- Task goal
Transcribe exactly the line that contains "then show ?thesis" and every line after it through the end of the records, with nothing else.

━━━━━━━━

lemma critical_points_root_poly:
  fixes x :: "'i \<Rightarrow> real"
  assumes "finite I" "I \<noteq> {}"
  obtains cs where "interlaced (sorted_list_of_set (x ` I)) cs" "\<forall>c\<in>set cs. log_deriv I x c = 0"
    "proots (pderiv (root_poly I (\<lambda>i. complex_of_real (x i))))
     = image_mset of_real (image_mset x (mset_set I) - mset_set (x ` I) + mset cs)"
proof -
  define rs where "rs = sorted_list_of_set (x ` I)"
  have rs: "sorted_wrt (<) rs" "set rs = x ` I" "length rs = card (x ` I)" "rs \<noteq> []"
    using assms by (simp_all add: rs_def)
  have "\<forall>j. \<exists>t. Suc j < length rs \<longrightarrow> rs ! j < t \<and> t < rs ! Suc j \<and> poly (pderiv (root_poly I x)) t = 0"
  proof
    fix j
    show "\<exists>t. Suc j < length rs \<longrightarrow> rs ! j < t \<and> t < rs ! Suc j \<and> poly (pderiv (root_poly I x)) t = 0"
    proof (cases "Suc j < length rs")
      case True
      then have "rs ! j \<in> x ` I" "rs ! Suc j \<in> x ` I" "rs ! j < rs ! Suc j"
        using rs(1,2) by (auto simp: sorted_wrt_nth_less)
      then show ?thesis using rolle_root_poly[OF assms(1)] by metis
    qed simp
  qed
  then obtain s where s: "\<And>j. Suc j < length rs \<Longrightarrow> rs ! j < s j \<and> s j < rs ! Suc j \<and> poly (pderiv (root_poly I x)) (s j) = 0"
    by metis
  define cs where "cs = map s [0..<length rs - 1]"
  have il: "interlaced rs cs" unfolding cs_def using rs(4) s by (intro interlaced_nth) auto
  have disj: "set cs \<inter> x ` I = {}" using interlaced_disjoint[OF il] rs(2) by auto
  have zero: "\<forall>c\<in>set cs. poly (pderiv (root_poly I x)) c = 0" using s by (auto simp: cs_def)
  then have "\<forall>c\<in>set cs. log_deriv I x c = 0"
    using disj poly_pderiv_root_poly_eq_0_iff[OF assms(1)] by blast
  moreover have "length cs = card (x ` I) - 1" using rs(3) by (simp add: cs_def)
  ultimately show ?thesis
    using that[of cs] il proots_pderiv_root_poly[OF assms interlaced_distinct[OF il] disj _ zero]
    by (simp add: rs_def)
qed

lemma abs_eq_same_sign_mult:
  fixes A :: "real set"
  assumes "(\<forall>u\<in>A. u \<le> 0) \<or> (\<forall>u\<in>A. 0 \<le> u)"
  obtains \<sigma> where "\<And>u. u \<in> A \<Longrightarrow> \<bar>u\<bar> = \<sigma> * u"
  using assms that[of "-1"] that[of 1] by force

━━━━━━━━

- Answer area
      then show ?thesis using rolle_root_poly[OF assms(1)] by metis
    qed simp
  qed
  then obtain s where s: "\<And>j. Suc j < length rs \<Longrightarrow> rs ! j < s j \<and> s j < rs ! Suc j \<and> poly (pderiv (root_poly I x)) (s j) = 0"
    by metis
  define cs where "cs = map s [0..<length rs - 1]"
  have il: "interlaced rs cs" unfolding cs_def using rs(4) s by (intro interlaced_nth) auto
  have disj: "set cs \<inter> x ` I = {}" using interlaced_disjoint[OF il] rs(2) by auto
  have zero: "\<forall>c\<in>set cs. poly (pderiv (root_poly I x)) c = 0" using s by (auto simp: cs_def)
  then have "\<forall>c\<in>set cs. log_deriv I x c = 0"
    using disj poly_pderiv_root_poly_eq_0_iff[OF assms(1)] by blast
  moreover have "length cs = card (x ` I) - 1" using rs(3) by (simp add: cs_def)
  ultimately show ?thesis
    using that[of cs] il proots_pderiv_root_poly[OF assms interlaced_distinct[OF il] disj _ zero]
    by (simp add: rs_def)
qed

lemma abs_eq_same_sign_mult:
  fixes A :: "real set"
  assumes "(\<forall>u\<in>A. u \<le> 0) \<or> (\<forall>u\<in>A. 0 \<le> u)"
  obtains \<sigma> where "\<And>u. u \<in> A \<Longrightarrow> \<bar>u\<bar> = \<sigma> * u"
  using assms that[of "-1"] that[of 1] by force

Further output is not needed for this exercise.